An example of a component with subsamples is described below. Subsamples of NHANES environmental chemicals are most often mutually exclusive therefore it is not possible to conduct an analysis where more than one analyte from different subsamples is examined together. For example in 2005-2006, phthalates were measured in subsample “B”, but polyfluorinated compounds were measured in subsample “A”. Sometimes analytes are obtained in the same subsample and these can be analyzed together with their subsample weights. Most often these are available for analysis beginning in 2003. For example, in 2007-2008 urinary mercury and urinary arsenic were both measured in the 1/3 subsample “A”). As with all of the data files, users are encouraged to combine like subsample components across survey cycles; for example 2005-2006 heavy metals in subsample “A” and 2007-2008 heavy metals in subsample “A”. This will improve the statistical reliability of the estimate. In rare cases, there are subsamples that overlap with one another but not completely; for example the persons who are part of the 2003-2004 1/3 subsample for urinary arsenic would also be found in the ½ subsample for volatile organic compounds in blood. In this situation, the data from the subsamples cannot be combined and the sample weights cannot be used. If a user attempts to combine partially overlapping subsamples the existing 1/3 and ½ sample weights would not be appropriate for analysis.

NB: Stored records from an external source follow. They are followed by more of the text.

text \<open>The map J : Z \<rightarrow> End(V) is determined by
  g (J z u) v = g z [u,v] for u, v in V (unique by non-degeneracy of g on V).\<close>
definition general_H_type :: "('a::real_vector \<Rightarrow> 'a \<Rightarrow> 'a) \<Rightarrow> ('a \<Rightarrow> 'a \<Rightarrow> real) \<Rightarrow> bool" where
  "general_H_type br g \<longleftrightarrow>
     (\<exists>B :: 'a set. finite B \<and> span B = UNIV) \<and>
     lie_bracket br \<and> two_step_nilpotent br \<and> scalar_product g \<and>
     (let Z = lie_center br; V = orth_compl g Z in
        (\<forall>z\<in>Z. (\<forall>w\<in>Z. g z w = 0) \<longrightarrow> z = 0) \<and>
        (\<forall>x. \<exists>v\<in>V. \<exists>z\<in>Z. x = v + z) \<and>
        (\<exists>J.
           (\<forall>z\<in>Z. \<forall>u\<in>V. J z u \<in> V \<and> (\<forall>v\<in>V. g (J z u) v = g z (br u v))) \<and>
           (\<forall>z\<in>Z. \<forall>u\<in>V. \<forall>v\<in>V. g (J z u) (J z v) = g z z * g u v)))"

definition orthonormal_basis :: "('a::real_vector \<Rightarrow> 'a \<Rightarrow> real) \<Rightarrow> (nat \<Rightarrow> 'a) \<Rightarrow> nat \<Rightarrow> bool" where
  "orthonormal_basis g b N \<longleftrightarrow>
     inj_on b {..<N} \<and> independent (b ` {..<N}) \<and> span (b ` {..<N}) = UNIV \<and>
     (\<forall>i<N. \<forall>j<N. i \<noteq> j \<longrightarrow> g (b i) (b j) = 0) \<and>
     (\<forall>i<N. g (b i) (b i) = 1 \<or> g (b i) (b i) = -1)"

end

theory Submission
  imports Defs
begin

In summary, users are encouraged to combine like subsample components across survey cycles; for example 2005-2006 heavy metals in subsample “A” and 2007-2008 heavy metals in subsample “A”. Subsample weights from the same survey cycle (e.g. 2003-2004) are not designed to be combined because many subsamples from the same survey cycle are mutually exclusive or partially overlapping. If it is necessary to combine two or more subsamples for your analyses that are mutually exclusive or partially overlapping, then appropriate weights would need to be recalculated. However, details on how to recalculate weights when combining subsamples go well beyond the scope of this tutorial. Therefore, it is strongly advised that you do not attempt to combine different subsamples from a single survey cycle in any analysis.

Diagram of Nonresponse Rates

The diagram above demonstrates the varying levels of sampling nonresponse. In the example above, the selected sample of persons age 20 and over included a total of 13,312 sample persons for the years 1999-2002. Only 10,291 of those sample persons actually completed the in-home interview. Therefore 22% of the individuals sampled did not complete the in-home interview. This is interview nonresponse. Among the 10,291 sample persons who were interviewed, only 9,471 completed the MEC exam. Therefore an additional 8% of the interviewed sample persons did not respond to the MEC exam. This is the MEC exam nonresponse. This example also shows the additional subsampling for the AM fasting blood sample.

Approximately 50% of MEC participants (4,696 persons) were partitioned to fast for 9 hours and come to the morning MEC exam. Of the 4696 persons partitioned to the morning subsample, only 4,157 actually fasted so the AM fasting sample was adjusted for the additional 11.5% nonresponse to the AM fast.

(3) Post-stratification adjustment to match 2000 U.S. Census population control totals

In addition to accounting for sample person non-response, weights are also post-stratified to match the population control totals for each sampling subdomain. This additional adjustment makes the weighted counts the same as an independent count of the Current Population Survey (CPS) of the U.S. Census.

Please see CPS website for more information: http://www.bls.gov/cps/home.htm

Summary

In summary, it is important to utilize the weights in analyses to account for the complex survey design (including oversampling), survey nonresponse, and post-stratification in order to ensure that calculated estimates are truly representative of the U.S. civilian noninstitutionalized population.